* Records for this exercise *
lemma CX_dual_split:
  fixes L :: nat
  assumes u: "continuous_on X u" and v: "\<And>k. k < L \<Longrightarrow> continuous_on X (v k)"
    and v_sum: "\<And>x. x \<in> X \<Longrightarrow> (\<Sum>k<L. v k x) = 1"
  shows "\<psi> (\<lambda>x. complex_of_real (u x)) = (\<Sum>k<L. \<psi> (\<lambda>x. complex_of_real (u x * v k x)))"
proof -
  define w where "w k x = complex_of_real (u x * v k x)" for k x
  have w: "w k \<in> CX X" if "k < L" for k
    using u v[OF that] unfolding mem_CX_iff w_def by (intro continuous_intros)
  have "\<psi> (\<lambda>x. complex_of_real (u x)) = \<psi> (\<lambda>x. \<Sum>k<L. 1 * w k x)"
  proof (rule CX_dual_cong)
    show "(\<lambda>x. complex_of_real (u x)) \<in> CX X" using u unfolding mem_CX_iff by (intro continuous_intros)
    show "(\<lambda>x. \<Sum>k<L. 1 * w k x) \<in> CX X"
      using w unfolding mem_CX_iff by (auto intro!: continuous_intros)
    show "complex_of_real (u x) = (\<Sum>k<L. 1 * w k x)" if "x \<in> X" for x
      using v_sum[OF that] unfolding w_def by (simp flip: sum_distrib_left of_real_sum)
  qed
  also have "\<dots> = (\<Sum>k<L. 1 * \<psi> (w k))" using w by (intro CX_dual_sum) auto
  finally show ?thesis unfolding w_def by simp
qed
(* Let $(X,d,\mu)$ be a metric measure space satisfying $\mathrm{BG}(k,n)$ with constant $C$ for some $k\in\mathbb{R}$, $n\ge1$, $C\ge1$. Then the Hausdorff dimension of $X$ satisfies $\dim_H(X)\le n$.
   Context: A metric measure space $(X,d,\mu)$ means a complete, locally compact length space $(X,d)$ equipped with a Borel measure $\mu$. $B_r(x)$ and $\overline B_r(x)$ denote the open and closed balls of radius $r$ about $x$. For $k\in\mathbb{R}$ let $\mathsf s_k(t)=\sin(\sqrt{k}\,t)/\sqrt{k}$ if $k>0$, $\mathsf s_k(t)=t$ if $k=0$, $\mathsf s_k(t)=\sinh(\sqrt{-k}\,t)/\sqrt{-k}$ if $k<0$. For real $n\ge1$ and $0\le r_1<r_2$ set $V_{k,n}(r_1,r_2)=\alpha_{n-1}\int_{r_1}^{r_2}\mathsf s_k(t)^{n-1}\,dt$ with $\alpha_{n-1}=2\pi^{n/2}/\Gamma(n/2)$. For $x\in X$ let $A_{r_1,r_2}(x)=B_{r_2}(x)\setminus\overline B_{r_1}(x)$ and $A_{0,r}(x)=B_r(x)$. For a measurable $U\subset A_{r_1,r_2}(x)$ and $0\le s_1<s_2$ with $s_1\le r_1$, $s_2\le r_2$, let $S_{s_1,s_2}(x,U)=\{y\in A_{s_1,s_2}(x): d(x,y)+d(y,z)=d(x,z)\text{ for some }z\in U\}$. $(X,d,\mu)$ satisfies $\mathrm{BG}(k,n)$ with constant $C\ge1$ if for every $x\in X$, all $0\le r_1<r_2$, $0\le s_1<s_2$ with $s_1\le r_1$, $s_2\le r_2$, and every measurable $U\subset A_{r_1,r_2}(x)$, one has $\mu(U)/\mu(S_{s_1,s_2}(x,U))\le C\,V_{k,n}(r_1,r_2)/V_{k,n}(s_1,s_2)$. *)

theory Defs
  imports "HOL-Analysis.Analysis"
begin

definition partition_sum :: "(real \<Rightarrow> 'a::metric_space) \<Rightarrow> (nat \<Rightarrow> real) \<Rightarrow> nat \<Rightarrow> real" where
  "partition_sum g t m = (\<Sum>i<m. dist (g (t i)) (g (t (Suc i))))"

definition curve_length :: "(real \<Rightarrow> 'a::metric_space) \<Rightarrow> ereal" where
  "curve_length g = (SUP (t, m) \<in> {(t, m). t 0 = 0 \<and> t m = 1 \<and> (\<forall>i<m. t i < t (Suc i))}.
      ereal (partition_sum g t m))"

definition length_space :: "'a::metric_space itself \<Rightarrow> bool" where
  "length_space _ \<longleftrightarrow> (\<forall>x y :: 'a. ereal (dist x y) =
      (INF g \<in> {g. continuous_on {0..1} g \<and> g 0 = x \<and> g 1 = y}. curve_length g))"

text \<open>Metric measure space (X,d,mu) with X the whole type: complete, locally compact length space
  with a Borel measure mu, which is (as is standard for metric measure spaces) positive and finite on balls.\<close>
definition metric_measure_space :: "'a::metric_space measure \<Rightarrow> bool" where
  "metric_measure_space mu \<longleftrightarrow>
     complete (UNIV :: 'a set) \<and> locally_compact_space (euclidean :: 'a topology) \<and>
     length_space TYPE('a) \<and> sets mu = sets borel \<and>
     (\<forall>x r. r > 0 \<longrightarrow> 0 < emeasure mu (ball x r) \<and> emeasure mu (ball x r) < \<infinity>)"

definition sk :: "real \<Rightarrow> real \<Rightarrow> real" where
  "sk k t = (if k > 0 then sin (sqrt k * t) / sqrt k
             else if k = 0 then t else sinh (sqrt (- k) * t) / sqrt (- k))"

definition alpha_const :: "real \<Rightarrow> real" where
  "alpha_const m = 2 * pi powr ((m + 1) / 2) / Gamma ((m + 1) / 2)"

definition Vkn :: "real \<Rightarrow> real \<Rightarrow> real \<Rightarrow> real \<Rightarrow> real" where
  "Vkn k n r1 r2 = alpha_const (n - 1) * integral {r1..r2} (\<lambda>t. sk k t powr (n - 1))"

definition annulus :: "'a::metric_space \<Rightarrow> real \<Rightarrow> real \<Rightarrow> 'a set" where
  "annulus x r1 r2 = (if r1 = 0 then ball x r2 else ball x r2 - cball x r1)"

definition Sset :: "'a::metric_space \<Rightarrow> real \<Rightarrow> real \<Rightarrow> 'a set \<Rightarrow> 'a set" where
  "Sset x s1 s2 U = {y \<in> annulus x s1 s2. \<exists>z\<in>U. dist x y + dist y z = dist x z}"

text \<open>The measure of S (possibly not Borel) is its outer measure,
  which agrees with mu on measurable sets. For k > 0 radii are restricted to r2 \<le> pi/sqrt k,
  the range where the model volume is defined.\<close>
definition BG :: "'a::metric_space measure \<Rightarrow> real \<Rightarrow> real \<Rightarrow> real \<Rightarrow> bool" where
  "BG mu k n C \<longleftrightarrow>
     (\<forall>x r1 r2 s1 s2 U. 0 \<le> r1 \<and> r1 < r2 \<and> 0 \<le> s1 \<and> s1 < s2 \<and> s1 \<le> r1 \<and> s2 \<le> r2 \<and>
        (k > 0 \<longrightarrow> r2 \<le> pi / sqrt k) \<and>
        U \<in> sets mu \<and> U \<subseteq> annulus x r1 r2 \<longrightarrow>
        emeasure mu U / outer_measure_of mu (Sset x s1 s2 U)
          \<le> ennreal (C * Vkn k n r1 r2 / Vkn k n s1 s2))"

definition diam_pow :: "real \<Rightarrow> 'a::metric_space set \<Rightarrow> real" where
  "diam_pow s A = (if A = {} then 0 else if s = 0 then 1 else diameter A powr s)"

definition hausdorff_pre :: "real \<Rightarrow> real \<Rightarrow> 'a::metric_space set \<Rightarrow> ennreal" where
  "hausdorff_pre s \<delta> A =
     (INF C \<in> {C :: nat \<Rightarrow> 'a set. A \<subseteq> (\<Union>i. C i) \<and> (\<forall>i. bounded (C i) \<and> diameter (C i) \<le> \<delta>)}.
        (\<Sum>i. ennreal (diam_pow s (C i))))"

definition hausdorff_measure :: "real \<Rightarrow> 'a::metric_space set \<Rightarrow> ennreal" where
  "hausdorff_measure s A = (SUP \<delta> \<in> {0<..}. hausdorff_pre s \<delta> A)"

definition hausdorff_dim :: "'a::metric_space set \<Rightarrow> ereal" where
  "hausdorff_dim A = (INF s \<in> {s. 0 \<le> s \<and> hausdorff_measure s A = 0}. ereal s)"

end

theory Submission
  imports Defs
begin

(* Applying BG to the annulus U = B_R(z) minus the closed ball of radius r/2, with inner radii
   s1 = r/2 and s2 = r, and noting that S_{r/2,r}(z,U) lies in B_r(z), gives
   mu(B_R(z)) <= (1 + C V(r/2,R) / V(r/2,r)) mu(B_r(z)) for 0 < r <= R.  Since s_k(t) is comparable
   to t near 0, the ratio of model volumes is O(r^-n) for a fixed small R, so balls of radius r
   centred near a given point have measure at least c r^n.  A maximal r-separated subset of a small
   ball B therefore has O(r^-n) points, and the r-balls around them cover B; hence the s-dimensional
   Hausdorff content of B vanishes for every s > n.  Finally X has to be covered by countably many
   such balls: a length space is connected, and in a connected space where every rho-ball is covered
   by finitely many rho/2-balls, the centres reachable from one point by finitely many such
   refinements form a countable set whose rho/2-balls cover everything. *)

lemma sin_ge_half_self:
  fixes x :: real
  assumes "0 \<le> x" "x \<le> 1"
  shows "x / 2 \<le> sin x"
proof -
  have "\<bar>sin x - x\<bar> \<le> x ^ 3 / 6"
    using Maclaurin_sin_bound[of x 3] assms by (simp add: sin_coeff_def numeral_3_eq_3)
  then have "x - x ^ 3 / 6 \<le> sin x"
    unfolding abs_le_iff by linarith
  moreover have "x ^ 3 \<le> x"
    using power_decreasing[of 1 3 x] assms by simp
  ultimately show ?thesis
    using assms by linarith
qed

lemma self_le_sinh:
  fixes x :: real
  assumes "0 \<le> x"
  shows "x \<le> sinh x"
proof -
  have "(\<lambda>u. sinh u - u) 0 \<le> (\<lambda>u. sinh u - u) x"
  proof (rule DERIV_nonneg_imp_nondecreasing[OF assms])
    fix u :: real
    show "\<exists>y. ((\<lambda>u. sinh u - u) has_real_derivative y) (at u) \<and> 0 \<le> y"
      by (auto intro!: exI[of _ "cosh u - 1"] derivative_eq_intros simp: cosh_real_ge_1)
  qed
  then show ?thesis by simp
qed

* Exercise details *
Print exactly the lines above from the one with "length_space TYPE('a) \<and>" to the one with "n C \<longleftrightarrow>", including both.

* The answer *
     length_space TYPE('a) \<and> sets mu = sets borel \<and>
     (\<forall>x r. r > 0 \<longrightarrow> 0 < emeasure mu (ball x r) \<and> emeasure mu (ball x r) < \<infinity>)"

definition sk :: "real \<Rightarrow> real \<Rightarrow> real" where
  "sk k t = (if k > 0 then sin (sqrt k * t) / sqrt k
             else if k = 0 then t else sinh (sqrt (- k) * t) / sqrt (- k))"

definition alpha_const :: "real \<Rightarrow> real" where
  "alpha_const m = 2 * pi powr ((m + 1) / 2) / Gamma ((m + 1) / 2)"

definition Vkn :: "real \<Rightarrow> real \<Rightarrow> real \<Rightarrow> real \<Rightarrow> real" where
  "Vkn k n r1 r2 = alpha_const (n - 1) * integral {r1..r2} (\<lambda>t. sk k t powr (n - 1))"

definition annulus :: "'a::metric_space \<Rightarrow> real \<Rightarrow> real \<Rightarrow> 'a set" where
  "annulus x r1 r2 = (if r1 = 0 then ball x r2 else ball x r2 - cball x r1)"

definition Sset :: "'a::metric_space \<Rightarrow> real \<Rightarrow> real \<Rightarrow> 'a set \<Rightarrow> 'a set" where
  "Sset x s1 s2 U = {y \<in> annulus x s1 s2. \<exists>z\<in>U. dist x y + dist y z = dist x z}"

text \<open>The measure of S (possibly not Borel) is its outer measure,
  which agrees with mu on measurable sets. For k > 0 radii are restricted to r2 \<le> pi/sqrt k,
  the range where the model volume is defined.\<close>
definition BG :: "'a::metric_space measure \<Rightarrow> real \<Rightarrow> real \<Rightarrow> real \<Rightarrow> bool" where
  "BG mu k n C \<longleftrightarrow>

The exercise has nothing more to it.